PT PLN (Persero) Unit Induk Wilayah Maluku dan Maluku Utara (UIW MMU) terus menunjukkan komitmennya dalam meningkatkan kualitas pelayanan kelistrikan di wilayah timur Indonesia. Dalam rangka memperingati Hari Pelanggan Nasional (HPN) 2025, PLN secara resmi mengoperasikan 50 sistem kelistrikan selama 24 jam penuh di Maluku dan Maluku Utara.
Peresmian peningkatan jam nyala listrik secara simbolis dilakukan di enam Pembangkit Listrik Tenaga Diesel (PLTD), yaitu Waipandan, Amarsekaru, Yamtel, Jerol, Tonu Jaya, dan Tahalupu. Kapasitas layanan yang sebelumnya hanya 12 jam kini ditingkatkan menjadi 24 jam penuh. Acara peresmian yang berlangsung di Pattimura Park, Ambon, pada Sabtu (4/9) ini turut dihadiri oleh Gubernur serta para Bupati/Walikota se-Provinsi Maluku.
Mengusung tema “Pelanggan Hebat, Energi Bersahabat”, kegiatan HPN 2025 ini menjadi bentuk apresiasi PLN kepada pelanggan setia sekaligus penegasan komitmen perusahaan dalam menyediakan akses listrik yang andal dan merata.

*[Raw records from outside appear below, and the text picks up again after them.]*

(* Let $\mathbb{K}$ be a field and let $\Delta$ be a $d$-dimensional simplicial complex on vertex set $[n]$ whose $d$-dimensional facets are $F_1,\dots,F_s$ (it may have further facets of smaller dimension). Assume $\tilde H_d(\Delta;\mathbb{K})\neq 0$ and let $F=c_1F_1+\dots+c_sF_s$ ($c_i\in\mathbb{K}$) be a nonzero element of $\tilde H_d(\Delta;\mathbb{K})$. Put $$F_\Delta=c_1x_{F_1}V(F_1)+\dots+c_sx_{F_s}V(F_s)=c_1\sum_{\sigma\in S^{F_1}}\operatorname{sign}(\sigma)\,x^{\mu}_{\sigma(F_1)}+\dots+c_s\sum_{\sigma\in S^{F_s}}\operatorname{sign}(\sigma)\,x^{\mu}_{\sigma(F_s)},$$ where $\mu=(d+1,d,\dots,1)$. Then $F_\Delta$ (viewed in $S$ via $x_i\mapsto y_i$) is a $\binom{d+2}{2}$-coinvariant stress of $\Delta$, i.e. $F_\Delta\in\big(I_\Delta+(e_1,\dots,e_{d+1})\big)^{-1}_{-\binom{d+2}{2}}$. In particular $\dim_{\mathbb{K}}\big(I_\Delta+(e_1,\dots,e_{d+1})\big)^{-1}_{-\binom{d+2}{2}}>0$.
   Context: $R=\mathbb{K}[x_1,\dots,x_n]$ with $\deg x_i=1$; $S=\mathbb{K}[y_1,\dots,y_n]$ with $\deg y_i=-1$, made into an $R$-module by contraction: $x^a\circ y^b=y^{b-a}$ if $b_i\ge a_i$ for all $i$ and $0$ otherwise, extended linearly. For an ideal $I\subset R$, its inverse system is $I^{-1}=\{G\in S: g\circ G=0 \text{ for all } g\in I\}$, and $I^{-1}_{-k}$ is its degree $-k$ part. Polynomials in $R$ are identified with polynomials in $S$ via $x_i\leftrightarrow y_i$. $I_\Delta=(x_\tau:\tau\subseteq[n],\ \tau\notin\Delta)$ is the Stanley–Reisner ideal, where $x_\tau=\prod_{i\in\tau}x_i$. $e_k=\sum_{j_1<\dots<j_k}x_{j_1}\cdots x_{j_k}$ is the $k$-th elementary symmetric polynomial in $x_1,\dots,x_n$. The space of $k$-coinvariant stresses of $\Delta$ is $(I_\Delta+(e_1,\dots,e_{d+1}))^{-1}_{-k}$. For $B=\{i_1<\dots<i_m\}\subseteq[n]$, $V(B)=\prod_{j<k}(x_{i_j}-x_{i_k})$ is the Vandermonde determinant. Simplicial homology is computed with faces oriented by increasing vertex order. $S^{F}$ is the symmetric group on the elements of $F$; for $F=\{i_1<\dots<i_{d+1}\}$ and $\sigma\in S^F$, $x^{\mu}_{\sigma(F)}=\prod_{j=1}^{d+1}x_{\sigma(i_j)}^{\mu_j}$. *)

theory Defs
  imports "HOL-Library.Poly_Mapping"
begin

text \<open>Variable i stands for x_i
  (and, via the identification x_i = y_i, also for y_i).  Vertex set is [n] = {1..n}.\<close>

type_synonym 'a mpoly = "(nat \<Rightarrow>\<^sub>0 nat) \<Rightarrow>\<^sub>0 'a"

definition Var :: "nat \<Rightarrow> 'a::comm_ring_1 mpoly" where
  "Var i = Poly_Mapping.single (Poly_Mapping.single i 1) 1"

definition poly_ring :: "nat \<Rightarrow> 'a::comm_ring_1 mpoly set" where
  "poly_ring n = {p. \<forall>m\<in>Poly_Mapping.keys p. Poly_Mapping.keys m \<subseteq> {1..n}}"

text \<open>Homogeneous of (total) degree k (in S this is degree -k).\<close>
definition homogeneous :: "nat \<Rightarrow> 'a::comm_ring_1 mpoly \<Rightarrow> bool" where
  "homogeneous k p \<longleftrightarrow> (\<forall>m\<in>Poly_Mapping.keys p. (\<Sum>i\<in>Poly_Mapping.keys m. Poly_Mapping.lookup m i) = k)"
lemma adj_scalar_prod:
  fixes A :: "'a :: conjugatable_field mat"
  assumes A: "A \<in> carrier_mat k n" and v: "v \<in> carrier_vec k" and w: "w \<in> carrier_vec n"
  shows "(A *\<^sub>v w) \<bullet>c v = w \<bullet>c (adj A *\<^sub>v v)"
proof -
  have "(A *\<^sub>v w) \<bullet>c v = (\<Sum>i<k. \<Sum>j<n. A $$ (i, j) * w $ j * conjugate (v $ i))"
    using assms by (simp add: scalar_prod_def sum_distrib_right lessThan_atLeast0)
  also have "\<dots> = (\<Sum>j<n. \<Sum>i<k. A $$ (i, j) * w $ j * conjugate (v $ i))"
    by (rule sum.swap)
  also have "\<dots> = w \<bullet>c (adj A *\<^sub>v v)"
    using assms by (simp add: scalar_prod_def sum_distrib_left sum_conjugate conjugate_dist_mul
        lessThan_atLeast0 mult_ac)
  finally show ?thesis .
qed

lemma gram_eigenvalue_nonneg:
  fixes H :: "complex mat"
  assumes H: "H \<in> carrier_mat k n" and ev: "eigenvalue (H * adj H) c"
  shows "c \<ge> 0"
proof -
  obtain v where v: "v \<in> carrier_vec k" "v \<noteq> 0\<^sub>v k" and Hv: "H * adj H *\<^sub>v v = c \<cdot>\<^sub>v v"
    using ev H unfolding eigenvalue_def eigenvector_def by auto
  define w where "w = adj H *\<^sub>v v"
  have w: "w \<in> carrier_vec n" using H by (simp add: w_def carrier_vecI)
  have "c * (v \<bullet>c v) = (c \<cdot>\<^sub>v v) \<bullet>c v"
    using v by simp
  also have "\<dots> = (H *\<^sub>v w) \<bullet>c v"
    using assoc_mult_mat_vec[OF H adj_carrier_mat[OF H] v(1)] by (simp flip: Hv add: w_def)
  also have "\<dots> = w \<bullet>c w"
    using adj_scalar_prod[OF H v(1) w] by (simp add: w_def)
  finally have "c * (v \<bullet>c v) \<ge> 0" using conjugate_square_ge_0_vec[of w] by simp
  moreover have "v \<bullet>c v > 0" using v by simp
  ultimately show ?thesis
    by (auto simp: less_eq_complex_def less_complex_def zero_le_mult_iff)
qed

General Manager PLN UIW MMU, Bapak John Doe, menyampaikan bahwa langkah ini merupakan bagian dari upaya berkelanjutan untuk meningkatkan taraf hidup masyarakat. “Dengan beroperasinya sistem kelistrikan selama 24 jam, kami berharap masyarakat dapat merasakan manfaat nyata, baik untuk aktivitas sehari-hari, pendidikan, maupun pertumbuhan ekonomi lokal,” ujarnya.
Meski menghadapi tantangan geografis dan keterbatasan infrastruktur, PLN berhasil mengatasinya melalui inovasi dan kerja keras. Kini, masyarakat di desa-desa yang terdampak bisa menikmati listrik tanpa henti, yang diharapkan dapat mendorong aktivitas ekonomi, memperlancar kegiatan pendidikan, hingga membuka peluang investasi baru di Maluku dan Maluku Utara.
Perayaan Hari Pelanggan Nasional 2025 ini menjadi momentum penting bagi PLN UIW MMU untuk menegaskan kembali dedikasinya dalam menghadirkan pelayanan terbaik, sekaligus memperkuat peran listrik sebagai penggerak pembangunan di Indonesia Timur.